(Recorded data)
********

(* If the a/2 + b/2 - 1 chords {i, n-1-i} of K_n, n = a+b-2, are 2-coloured, a/2 of them
   have colour 1 or b/2 have colour 2, and any m of these chords form an increasingly
   embedded nested matching of order 2m.

   For the lower bound let b/2 = 2q+1 be odd (the other case is symmetric), place the
   N = a+b-3 vertices on a cycle and colour an edge 2 iff its cyclic distance is at most 2q.
   Along a cyclically increasing embedding of a nested matching the clockwise arcs spanned
   by successive chords drop by at least 2. So a/2 chords of cyclic distance at least 2q+1
   need N >= a + 4q, one vertex more than there is; and among 2q+1 chords of cyclic distance
   at most 2q, the arcs of length at most 2q and those of length at least N - 2q can each
   take only q of them. *)

theory Submission
  imports Defs
begin

lemma div_two_less_if_gap_two: "(x::nat) + 2 \<le> y \<Longrightarrow> x div 2 < y div 2"
  using div_le_mono[of "x + 2" y 2] by simp

lemma card_le_if_gap_two:
  fixes f :: "nat \<Rightarrow> nat"
  assumes gap: "\<And>v w. v \<in> A \<Longrightarrow> w \<in> A \<Longrightarrow> v < w \<Longrightarrow> f w + 2 \<le> f v"
    and range: "f ` A \<subseteq> {lo..<hi}"
  shows "card A \<le> (hi - lo + 1) div 2"
proof -
  let ?g = "\<lambda>v. (f v - lo) div 2"
  have g_less: "?g w < ?g v" if "v \<in> A" "w \<in> A" "v < w" for v w
  proof (rule div_two_less_if_gap_two)
    show "f w - lo + 2 \<le> f v - lo"
      using gap[OF that] range that by (auto simp: image_subset_iff)
  qed
  have "inj_on ?g A"
  proof (rule inj_onI)
    fix v w assume "v \<in> A" "w \<in> A" "?g v = ?g w"
    then show "v = w"
      using g_less[of v w] g_less[of w v] by (cases v w rule: linorder_cases) auto
  qed
  moreover have "?g ` A \<subseteq> {..<(hi - lo + 1) div 2}"
  proof
    fix y assume "y \<in> ?g ` A"
    then obtain v where "v \<in> A" "y = ?g v" by blast
    moreover have "f v - lo + 2 \<le> hi - lo + 1"
      using range \<open>v \<in> A\<close> by (auto simp: image_subset_iff)
    ultimately show "y \<in> {..<(hi - lo + 1) div 2}"
      using div_two_less_if_gap_two[of "f v - lo" "hi - lo + 1"] by simp
  qed
  ultimately show ?thesis
    using card_inj_on_le[of ?g A "{..<(hi - lo + 1) div 2}"] by simp
qed

definition arc :: "nat \<Rightarrow> nat \<Rightarrow> nat \<Rightarrow> nat" where
  "arc n x y = (y + n - x) mod n"

definition cyclic_dist :: "nat \<Rightarrow> nat \<Rightarrow> nat \<Rightarrow> nat" where
  "cyclic_dist n x y = min (arc n x y) (arc n y x)"

definition cyc_ordered :: "nat \<Rightarrow> nat \<Rightarrow> nat \<Rightarrow> bool" where
  "cyc_ordered x y z \<longleftrightarrow> (x < y \<and> y < z) \<or> (y < z \<and> z < x) \<or> (z < x \<and> x < y)"

lemma arc_eq: "x < n \<Longrightarrow> y < n \<Longrightarrow> arc n x y = (if x \<le> y then y - x else y + n - x)"
  unfolding arc_def by (auto simp: mod_if)

lemma arc_bounds: "x < n \<Longrightarrow> y < n \<Longrightarrow> x \<noteq> y \<Longrightarrow> 0 < arc n x y \<and> arc n x y < n"
  by (auto simp: arc_eq)

lemma arc_add:
  "x < n \<Longrightarrow> y < n \<Longrightarrow> z < n \<Longrightarrow> cyc_ordered x y z \<Longrightarrow> arc n x z = arc n x y + arc n y z"
  by (auto simp: arc_eq cyc_ordered_def)

lemma cyclic_dist_eq:
  "x < n \<Longrightarrow> y < n \<Longrightarrow> x \<noteq> y \<Longrightarrow> cyclic_dist n x y = min (arc n x y) (n - arc n x y)"
  by (auto simp: cyclic_dist_def arc_eq)

lemma cyclic_dist_commute: "cyclic_dist n x y = cyclic_dist n y x"
  by (simp add: cyclic_dist_def)

lemma cyc_increasing_imp_cyc_ordered:
  assumes "cyc_increasing h \<phi>" "i < j" "j < k" "k < h"
  shows "cyc_ordered (\<phi> i) (\<phi> j) (\<phi> k)"
proof -
  obtain t where "t < h" and sorted: "sorted_wrt (<) (map \<phi> ([t..<h] @ [0..<t]))"
    using assms(1) unfolding cyc_increasing_def by auto
  have sorted_upper: "sorted_wrt (\<lambda>x y. \<phi> x < \<phi> y) [t..<h]"
    and sorted_lower: "sorted_wrt (\<lambda>x y. \<phi> x < \<phi> y) [0..<t]"
    and wrap: "\<And>x y. x < t \<Longrightarrow> t \<le> y \<Longrightarrow> y < h \<Longrightarrow> \<phi> y < \<phi> x"
    using sorted by (auto simp: sorted_wrt_append sorted_wrt_map)
  have upper: "\<phi> x < \<phi> y" if "t \<le> x" "x < y" "y < h" for x y
    using sorted_wrt_nth_less[OF sorted_upper, of "x - t" "y - t"] that by simp
  have lower: "\<phi> x < \<phi> y" if "x < y" "y < t" for x y
    using sorted_wrt_nth_less[OF sorted_lower, of x y] that by simp
  show ?thesis
    using upper[of i j] upper[of j k] lower[of i j] lower[of j k] wrap[of i j] wrap[of i k] wrap[of j k] assms(2-4)
    unfolding cyc_ordered_def by linarith
qed

lemma strict_mono_on_imp_cyc_increasing:
  "strict_mono_on {0..<h} \<phi> \<Longrightarrow> 0 < h \<Longrightarrow> cyc_increasing h \<phi>"
  unfolding cyc_increasing_def
  by (rule exI[of _ 0]) (auto simp: sorted_wrt_iff_nth_less strict_mono_on_def)

lemma arc_cyc_increasing_add:
  assumes "cyc_increasing h \<phi>" "\<phi> ` {0..<h} \<subseteq> {0..<n}" "i < j" "j < k" "k < h"
  shows "arc n (\<phi> i) (\<phi> k) = arc n (\<phi> i) (\<phi> j) + arc n (\<phi> j) (\<phi> k)"
proof (rule arc_add)
  show "cyc_ordered (\<phi> i) (\<phi> j) (\<phi> k)"
    using assms by (intro cyc_increasing_imp_cyc_ordered[of h])
qed (use assms in \<open>auto simp: image_subset_iff\<close>)

lemma mem_nest_matching_double: "e \<in> nest_matching (2*m) \<longleftrightarrow> (\<exists>v<m. e = {v, 2*m-1-v})"
  by (auto simp: nest_matching_def)

lemma nested_chord_ends:
  fixes m :: nat
  assumes "inj_on \<phi> {0..<2*m}" "\<phi> ` {0..<2*m} \<subseteq> {0..<n}" "v < m"
  shows "\<phi> v < n" "\<phi> (2*m-1-v) < n" "\<phi> v \<noteq> \<phi> (2*m-1-v)"
  using assms inj_on_contraD[OF assms(1), of v "2*m-1-v"] by (auto simp: image_subset_iff)

lemma nested_chord_arc_gap:
  assumes cyc: "cyc_increasing (2*m) \<phi>" and inj: "inj_on \<phi> {0..<2*m}"
    and img: "\<phi> ` {0..<2*m} \<subseteq> {0..<n}" and "v < w" "w < m"
  shows "arc n (\<phi> w) (\<phi> (2*m-1-w)) + 2 \<le> arc n (\<phi> v) (\<phi> (2*m-1-v))"
proof -
  \<comment> \<open>v < w < 2m-1-w < 2m-1-v, so the arc of chord v is that of chord w plus two nonempty arcs\<close>
  have pos: "0 < arc n (\<phi> x) (\<phi> y)" if "x < 2*m" "y < 2*m" "x \<noteq> y" for x y
    using arc_bounds[of "\<phi> x" n "\<phi> y"] img inj_on_contraD[OF inj] that by (auto simp: image_subset_iff)
  have "arc n (\<phi> v) (\<phi> (2*m-1-v))
      = arc n (\<phi> v) (\<phi> w) + arc n (\<phi> w) (\<phi> (2*m-1-v))"
    using assms by (intro arc_cyc_increasing_add[OF cyc img]) auto
  also have "arc n (\<phi> w) (\<phi> (2*m-1-v))
      = arc n (\<phi> w) (\<phi> (2*m-1-w)) + arc n (\<phi> (2*m-1-w)) (\<phi> (2*m-1-v))"
    using assms by (intro arc_cyc_increasing_add[OF cyc img]) auto
  finally have "arc n (\<phi> v) (\<phi> (2*m-1-v)) = arc n (\<phi> v) (\<phi> w)
      + arc n (\<phi> w) (\<phi> (2*m-1-w)) + arc n (\<phi> (2*m-1-w)) (\<phi> (2*m-1-v))" by simp
  moreover have "0 < arc n (\<phi> v) (\<phi> w)" "0 < arc n (\<phi> (2*m-1-w)) (\<phi> (2*m-1-v))"
    using assms by (auto intro!: pos)
  ultimately show ?thesis by linarith
qed

lemma nested_matching_long_chords:
  assumes cyc: "cyc_increasing (2*m) \<phi>" and inj: "inj_on \<phi> {0..<2*m}"
    and img: "\<phi> ` {0..<2*m} \<subseteq> {0..<n}" and "0 < m"
    and long: "\<And>v. v < m \<Longrightarrow> L \<le> cyclic_dist n (\<phi> v) (\<phi> (2*m-1-v))"
  shows "2*m + 2*L \<le> n + 2"
proof -
  let ?f = "\<lambda>v. arc n (\<phi> v) (\<phi> (2*m-1-v))"
  have "card {..<m} \<le> (n + 1 - L - L + 1) div 2"
  proof (rule card_le_if_gap_two)
    show "?f w + 2 \<le> ?f v" if "v \<in> {..<m}" "w \<in> {..<m}" "v < w" for v w
      using nested_chord_arc_gap[OF cyc inj img] that by simp
    show "?f ` {..<m} \<subseteq> {L..<n + 1 - L}"
    proof (rule image_subsetI)
      fix v assume "v \<in> {..<m}"
      then have "v < m" by simp
      have "L \<le> min (?f v) (n - ?f v)" "?f v < n"
        using long[OF \<open>v < m\<close>] cyclic_dist_eq[OF nested_chord_ends[OF inj img \<open>v < m\<close>]]
          arc_bounds[OF nested_chord_ends[OF inj img \<open>v < m\<close>]] by auto
      then show "?f v \<in> {L..<n + 1 - L}" by auto
    qed
  qed
  then show ?thesis using \<open>0 < m\<close> by simp
qed

lemma nested_matching_short_chords:
  assumes cyc: "cyc_increasing (2*m) \<phi>" and inj: "inj_on \<phi> {0..<2*m}"
    and img: "\<phi> ` {0..<2*m} \<subseteq> {0..<n}"
    and short: "\<And>v. v < m \<Longrightarrow> cyclic_dist n (\<phi> v) (\<phi> (2*m-1-v)) \<le> 2*q"
  shows "m \<le> 2*q"
proof -
  let ?f = "\<lambda>v. arc n (\<phi> v) (\<phi> (2*m-1-v))"
  define A where "A = {v. v < m \<and> ?f v \<le> 2*q}"
  define B where "B = {v. v < m \<and> \<not> ?f v \<le> 2*q}"
  have bounds: "0 < ?f v \<and> ?f v < n \<and> (?f v \<le> 2*q \<or> n \<le> ?f v + 2*q)" if "v < m" for v
    using short[OF that] cyclic_dist_eq[OF nested_chord_ends[OF inj img that]]
      arc_bounds[OF nested_chord_ends[OF inj img that]] by auto
  have gap: "?f w + 2 \<le> ?f v" if "v < w" "w < m" for v w
    using nested_chord_arc_gap[OF cyc inj img that] .
  have "card A \<le> (2*q + 1 - 1 + 1) div 2"
  proof (rule card_le_if_gap_two)
    show "?f ` A \<subseteq> {1..<2*q + 1}" using bounds by (force simp: A_def)
  qed (use gap in \<open>auto simp: A_def\<close>)
  moreover have "card B \<le> (n - (n - 2*q) + 1) div 2"
  proof (rule card_le_if_gap_two)
    show "?f ` B \<subseteq> {n - 2*q..<n}" using bounds by (force simp: B_def)
  qed (use gap in \<open>auto simp: B_def\<close>)
  moreover have "(n - (n - 2*q) + 1) div 2 \<le> q"
    using div_le_mono[of "n - (n - 2*q) + 1" "2*q + 1" 2] by simp
  moreover have "card A + card B = m"
  proof -
    have "A \<union> B = {..<m}" "A \<inter> B = {}" by (auto simp: A_def B_def)
    then show ?thesis using card_Un_disjoint[of A B] by (simp add: A_def B_def)
  qed
  ultimately show ?thesis by simp
qed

********

__TASK GOAL__.
Would you copy exactly the lines from the one that contains "qed (use gap in \<open>auto simp: B_def\<close>)" through the final line of the records above, including both?

__ANSWER BELOW__.
  qed (use gap in \<open>auto simp: B_def\<close>)
  moreover have "(n - (n - 2*q) + 1) div 2 \<le> q"
    using div_le_mono[of "n - (n - 2*q) + 1" "2*q + 1" 2] by simp
  moreover have "card A + card B = m"
  proof -
    have "A \<union> B = {..<m}" "A \<inter> B = {}" by (auto simp: A_def B_def)
    then show ?thesis using card_Un_disjoint[of A B] by (simp add: A_def B_def)
  qed
  ultimately show ?thesis by simp
qed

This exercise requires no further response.